Since graduating, she has played the role of Kattrin in Mother Courage and Her Children at the National Theatre and worked with other theatre companies.

In Spring 2014, she played Agnetha in Bryony Lavery's play Frozen, opening at the Birmingham Repertory Theatre.

In Autumn 2014, she took the leading role in the touring production of Woman of Flowers, a reworking of the Welsh myth of Blodeuwedd by playwright Kaite O'Reilly.

She has also appeared in episodes of several British television series and short films.

In 2015, she played the role of deaf crew-leader Cass in the Doctor Who episodes "Under the Lake" and "Before the Flood", who communicated entirely in British Sign Language. She was cast as Princess Alice of Battenberg, Prince Philip's mother, who was deaf herself, in Netflix's series 2 of 'the Crown'. In 2021 she played the lead in an episode of the BBC 1 anthology series Jimmy McGovern's Moving On.

In 2009, she played in "Coming Home", directed by the deaf director Louis Neethling.

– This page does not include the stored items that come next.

(* Let $S=\{s_1,\dots,s_N\}$ and $A$ be finite, $r:S\times A\to\mathbb{R}$, and $0<\gamma_p<\gamma<1$. Suppose that for every state-action pair $(s_n,a_k)$ we observe transition counts $c_{n,k,1},\dots,c_{n,k,N}\ge 0$ with total $C_{n,k}=\sum_{i=1}^N c_{n,k,i}>0$, and let $\hat T_{\mathrm{MLE}}(s_n,a_k,s_i)=c_{n,k,i}/C_{n,k}$. Fix a probability vector $q=(q_1,\dots,q_N)$ with all $q_i>0$, and for each $(s_n,a_k)$ place the Dirichlet prior $\mathrm{Dirichlet}(\alpha_{n,k,1},\dots,\alpha_{n,k,N})$ on $T(s_n,a_k,\cdot)$ with $$\alpha_{n,k,i}=\frac{\gamma-\gamma_p}{\gamma_p}\,C_{n,k}\,q_i .$$ Let $\hat T_{\mathrm{post}}(s_n,a_k,s_i)=\dfrac{c_{n,k,i}+\alpha_{n,k,i}}{C_{n,k}+\sum_{j}\alpha_{n,k,j}}$ be the posterior mean. Then: (i) for every $(s_n,a_k)$, $\hat T_{\mathrm{post}}(s_n,a_k,\cdot)=(1-\epsilon)\hat T_{\mathrm{MLE}}(s_n,a_k,\cdot)+\epsilon\, q$ with $\epsilon=\frac{\gamma-\gamma_p}{\gamma}$, the same for all $(s_n,a_k)$; and (ii) the MDP $(S,A,r,\hat T_{\mathrm{post}})$ planned with discount $\gamma$ and the MDP $(S,A,r,\hat T_{\mathrm{MLE}})$ planned with discount $\gamma_p$ have the same optimal policies (same $\arg\max_a Q^*(s,a)$ sets in every state). In particular, for a uniform prior ($q_i=1/N$) the implied prior parameters are $\alpha_{n,k,i}=\frac{\gamma-\gamma_p}{\gamma_p}\cdot\frac{C_{n,k}}{N}$, which grow with the number of observed transitions $C_{n,k}$.
   Context: Planning with discount factor $\gamma$ in an MDP with transition kernel $P$ means computing the optimal action-value function $Q^*$ solving $Q^*(s,a)=r(s,a)+\gamma\sum_{s'}P(s,a,s')\max_{a'}Q^*(s',a')$; optimal policies are those choosing actions in $\arg\max_a Q^*(s,a)$. *)

theory Defs
  imports "HOL-Analysis.Analysis"
begin
lemma mse_sigma_hat_le:
  assumes n: "1 \<le> n"
  defines "\<sigma> \<equiv> variance (\<lambda>\<omega>. sqrt (real n) * Xbar \<eta> \<alpha> e n \<omega>)"
  shows "integrable M (\<lambda>\<omega>. (sigma_hat \<eta> \<alpha> C e n \<omega> - \<sigma>)\<^sup>2)"
    and "expectation (\<lambda>\<omega>. (sigma_hat \<eta> \<alpha> C e n \<omega> - \<sigma>)\<^sup>2)
      \<le> (moment 2 * bias_const)\<^sup>2 * (real n powr (\<alpha> - 1))\<^sup>2
        + moment_const * frob_const * (1 / real n + C * real n powr (\<alpha> - 1) * ln (real n))"
proof -
  have A: "finite {1..n}" "\<And>k. k \<in> {1..n} \<Longrightarrow> 1 \<le> k" by auto
  note mse = mse_quad_form_le[OF A, of "est_matrix n" \<sigma>, folded sigma_hat_eq_quad_form]
  show "integrable M (\<lambda>\<omega>. (sigma_hat \<eta> \<alpha> C e n \<omega> - \<sigma>)\<^sup>2)"
    by (rule mse(1))
  have "\<bar>moment 2 * (\<Sum>k\<in>{1..n}. est_matrix n k k) - \<sigma>\<bar>
      = \<bar>moment 2\<bar> * \<bar>(\<Sum>k\<in>{1..n}. est_matrix n k k) - (\<Sum>k\<in>{1..n}. (mean_coef n k)\<^sup>2)\<bar>"
    unfolding \<sigma>_def variance_scaled_Xbar by (simp add: abs_mult[symmetric] right_diff_distrib)
  also have "\<dots> \<le> \<bar>moment 2\<bar> * (bias_const * real n powr (\<alpha> - 1))"
    by (intro mult_left_mono abs_trace_est_matrix_minus_sum_sq_mean_coef_le n) simp
  finally have "\<bar>moment 2 * (\<Sum>k\<in>{1..n}. est_matrix n k k) - \<sigma>\<bar>\<^sup>2
      \<le> (\<bar>moment 2\<bar> * (bias_const * real n powr (\<alpha> - 1)))\<^sup>2"
    by (rule power_mono) simp
  then have "(moment 2 * (\<Sum>k\<in>{1..n}. est_matrix n k k) - \<sigma>)\<^sup>2
      \<le> (moment 2 * bias_const)\<^sup>2 * (real n powr (\<alpha> - 1))\<^sup>2"
    by (simp add: power_mult_distrib)
  moreover have "moment_const * (\<Sum>k\<in>{1..n}. \<Sum>l\<in>{1..n}. (est_matrix n k l)\<^sup>2)
      \<le> moment_const * (frob_const * (1 / real n + C * real n powr (\<alpha> - 1) * ln (real n)))"
    by (intro mult_left_mono sum_sq_est_matrix_le n moment_const_nonneg)
  ultimately show "expectation (\<lambda>\<omega>. (sigma_hat \<eta> \<alpha> C e n \<omega> - \<sigma>)\<^sup>2)
      \<le> (moment 2 * bias_const)\<^sup>2 * (real n powr (\<alpha> - 1))\<^sup>2
        + moment_const * frob_const * (1 / real n + C * real n powr (\<alpha> - 1) * ln (real n))"
    using mse(2) unfolding mult.assoc by linarith
qed

end

theorem corollaryC1:
  fixes M :: "'a measure" and e :: "nat \<Rightarrow> 'a \<Rightarrow> real"
    and \<eta> \<alpha> C :: real
  assumes "prob_space M"
    and "\<eta> > 0" and "1/2 < \<alpha>" and "\<alpha> < 1" and "\<eta> * C > 1"
    and "\<And>i. i \<ge> 1 \<Longrightarrow> e i \<in> borel_measurable M"
    and "prob_space.indep_vars M (\<lambda>_. borel) e {1..}"
    and "\<And>i. i \<ge> 1 \<Longrightarrow> distr M borel (e i) = distr M borel (e 1)"
    and "\<And>i. i \<ge> 1 \<Longrightarrow> integrable M (e i) \<and> prob_space.expectation M (e i) = 0"
    and "integrable M (\<lambda>\<omega>. (e 1 \<omega>) ^ 4)"
  shows "\<exists>K. \<forall>n\<ge>2.
           integrable M (\<lambda>\<omega>. (sigma_hat \<eta> \<alpha> C e n \<omega>
               - prob_space.variance M (\<lambda>\<omega>. sqrt (real n) * Xbar \<eta> \<alpha> e n \<omega>))\<^sup>2)
         \<and> prob_space.expectation M (\<lambda>\<omega>. (sigma_hat \<eta> \<alpha> C e n \<omega>
               - prob_space.variance M (\<lambda>\<omega>. sqrt (real n) * Xbar \<eta> \<alpha> e n \<omega>))\<^sup>2)
             \<le> K * real n powr (\<alpha> - 1) * ln (real n)"
proof -
  interpret sgd_iid \<eta> \<alpha> C M e
    using sgd_schedule.intro[OF assms(2-5)]
      iid_noise.intro[OF assms(1) iid_noise_axioms.intro[OF assms(6-10)]]
    by (rule sgd_iid.intro)
  define B where "B = (moment 2 * bias_const)\<^sup>2"
  define F where "F = moment_const * frob_const"
  have BF: "0 \<le> B" "0 \<le> F"
    unfolding B_def F_def frob_const_def using moment_const_nonneg by simp_all
  show ?thesis
  proof (intro exI allI impI conjI)
    fix n :: nat assume n: "2 \<le> n"
    define R where "R = real n powr (\<alpha> - 1) * ln (real n) / ln 2"
    have rate: "(real n powr (\<alpha> - 1))\<^sup>2 \<le> R" "1 / real n \<le> R"
      unfolding R_def using rate_terms_le[OF n] alpha_gt_half alpha_lt_one by auto
    show "integrable M (\<lambda>\<omega>. (sigma_hat \<eta> \<alpha> C e n \<omega>
        - variance (\<lambda>\<omega>. sqrt (real n) * Xbar \<eta> \<alpha> e n \<omega>))\<^sup>2)"
      using mse_sigma_hat_le(1) n by simp
    have "expectation (\<lambda>\<omega>. (sigma_hat \<eta> \<alpha> C e n \<omega>
        - variance (\<lambda>\<omega>. sqrt (real n) * Xbar \<eta> \<alpha> e n \<omega>))\<^sup>2)
      \<le> B * (real n powr (\<alpha> - 1))\<^sup>2 + F * (1 / real n + C * real n powr (\<alpha> - 1) * ln (real n))"
      unfolding B_def F_def using mse_sigma_hat_le(2) n by simp
    also have "\<dots> \<le> B * R + F * (R + C * real n powr (\<alpha> - 1) * ln (real n))"
      using rate BF by (intro add_mono mult_left_mono order_refl) auto
    also have "\<dots> = ((B + F) / ln 2 + F * C) * real n powr (\<alpha> - 1) * ln (real n)"
      unfolding R_def by (simp add: field_simps)
    finally show "expectation (\<lambda>\<omega>. (sigma_hat \<eta> \<alpha> C e n \<omega>
        - variance (\<lambda>\<omega>. sqrt (real n) * Xbar \<eta> \<alpha> e n \<omega>))\<^sup>2)
      \<le> ((B + F) / ln 2 + F * C) * real n powr (\<alpha> - 1) * ln (real n)" .
  qed
qed

end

She played the deaf poet and activist Dorothy Miles in the docu-drama "Dot" in 2019.

She appeared in the short "Sign Night" with actress Vilma Jackson, which was broadcast on the BBC.

In 2020, she added radio to her credits, by being cast in a BBC Radio 3 drama "Beethoven Can Hear You" as a deaf traveller from the future that visits Beethoven (played by Peter Capaldi). She also wrote and spoke an essay about her relationship with music. This was part of the celebration for the 250th anniversary of Beethoven's birth.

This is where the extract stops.